▶ [DIRECTIONS] Going through the entries below, work out how many lines have the string "bool" in them. Give the number and nothing more.

--- DATA IN THIS EXERCISE Enclosed Below ---

(* For each $d\ge1$ let $B$ be a random $d\times d$ matrix with independent entries $B_{mn}\in\{0,1\}$, $\mathbb P(B_{mn}=1)=1/d$, and let $\{\theta_{mn}\}_{m,n}$ be i.i.d. random angles on the circle, independent of $B$. Define $B_\theta$ by $(B_\theta)_{mn}=B_{mn}e^{\mathrm i\theta_{mn}}$. Then for every positive integer $k$, the $k$-th moments of the averaged singular value (squared) distributions of the two ensembles coincide in the large-dimension limit: $$\lim_{d\to\infty}\frac1d\,\mathbb E_{B,\theta}\operatorname{tr}\big[(B_\theta^\dagger B_\theta)^k\big]=\lim_{d\to\infty}\frac1d\,\mathbb E_{B}\operatorname{tr}\big[(B^tB)^k\big].$$ *)

theory Defs
  imports "HOL-Probability.Probability" "Jordan_Normal_Form.Schur_Decomposition"
begin

abbreviation entries :: "nat \<Rightarrow> (nat \<times> nat) set" where
  "entries d \<equiv> {0..<d} \<times> {0..<d}"

definition bern_ens :: "nat \<Rightarrow> (nat \<times> nat \<Rightarrow> bool) measure" where
  "bern_ens d = (\<Pi>\<^sub>M e\<in>entries d. measure_pmf (bernoulli_pmf (1 / real d)))"

definition phase_ens :: "real measure \<Rightarrow> nat \<Rightarrow> (nat \<times> nat \<Rightarrow> real) measure" where
  "phase_ens \<mu> d = (\<Pi>\<^sub>M e\<in>entries d. \<mu>)"

definition B_mat :: "nat \<Rightarrow> (nat \<times> nat \<Rightarrow> bool) \<Rightarrow> real mat" where
  "B_mat d b = mat d d (\<lambda>(m, n). if b (m, n) then 1 else 0)"

definition B_theta :: "nat \<Rightarrow> (nat \<times> nat \<Rightarrow> bool) \<Rightarrow> (nat \<times> nat \<Rightarrow> real) \<Rightarrow> complex mat" where
  "B_theta d b \<theta> = mat d d (\<lambda>(m, n). (if b (m, n) then 1 else 0) * exp (\<i> * complex_of_real (\<theta> (m, n))))"

definition mat_trace :: "'a::comm_monoid_add mat \<Rightarrow> 'a" where
  "mat_trace A = (\<Sum>i<dim_row A. A $$ (i, i))"

end

theory Submission
  imports Defs
begin

text \<open>
  Expanding the trace writes \<open>tr[(B\<^sub>\<theta>\<^sup>\<dagger> B\<^sub>\<theta>)\<^sup>k]\<close> as a sum over closed walks of \<open>2k\<close> indices
  in \<open>{0..<d}\<close>, each step of a walk reading one entry of \<open>B\<^sub>\<theta>\<close>, conjugated at even steps.
  Averaging over \<open>B\<close> gives the walk the weight \<open>(1/d)^|E|\<close>, with \<open>E\<close> the set of distinct entries
  read, and averaging over the angles multiplies this by the characteristic function of the
  angle law at the net number of plain minus conjugated reads of each entry of \<open>E\<close>.
  Grouping the walks by shape, a shape with \<open>q\<close> distinct indices is realised by
  \<open>d(d-1)\<cdots>(d-q+1)\<close> walks, and \<open>q \<le> |E| + 1\<close> because the walk connects its indices in the
  bipartite row/column graph with edge set \<open>E\<close>. Hence after dividing by \<open>d\<close> only the shapes with
  \<open>q = |E| + 1\<close> survive. Their graph is a tree, and a closed walk in a tree crosses every edge
  equally often in both directions, so all net counts vanish and the phase factor is \<open>1\<close>:
  both limits equal the number of these tree shapes.
\<close>

section \<open>Closed walks in trees\<close>

definition walk_steps :: "'v list \<Rightarrow> ('v \<times> 'v) list" where
  "walk_steps xs = zip xs (tl xs)"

--- End of Enclosed DATA IN THIS EXERCISE ---

▶ [ANSWER SPACE] 3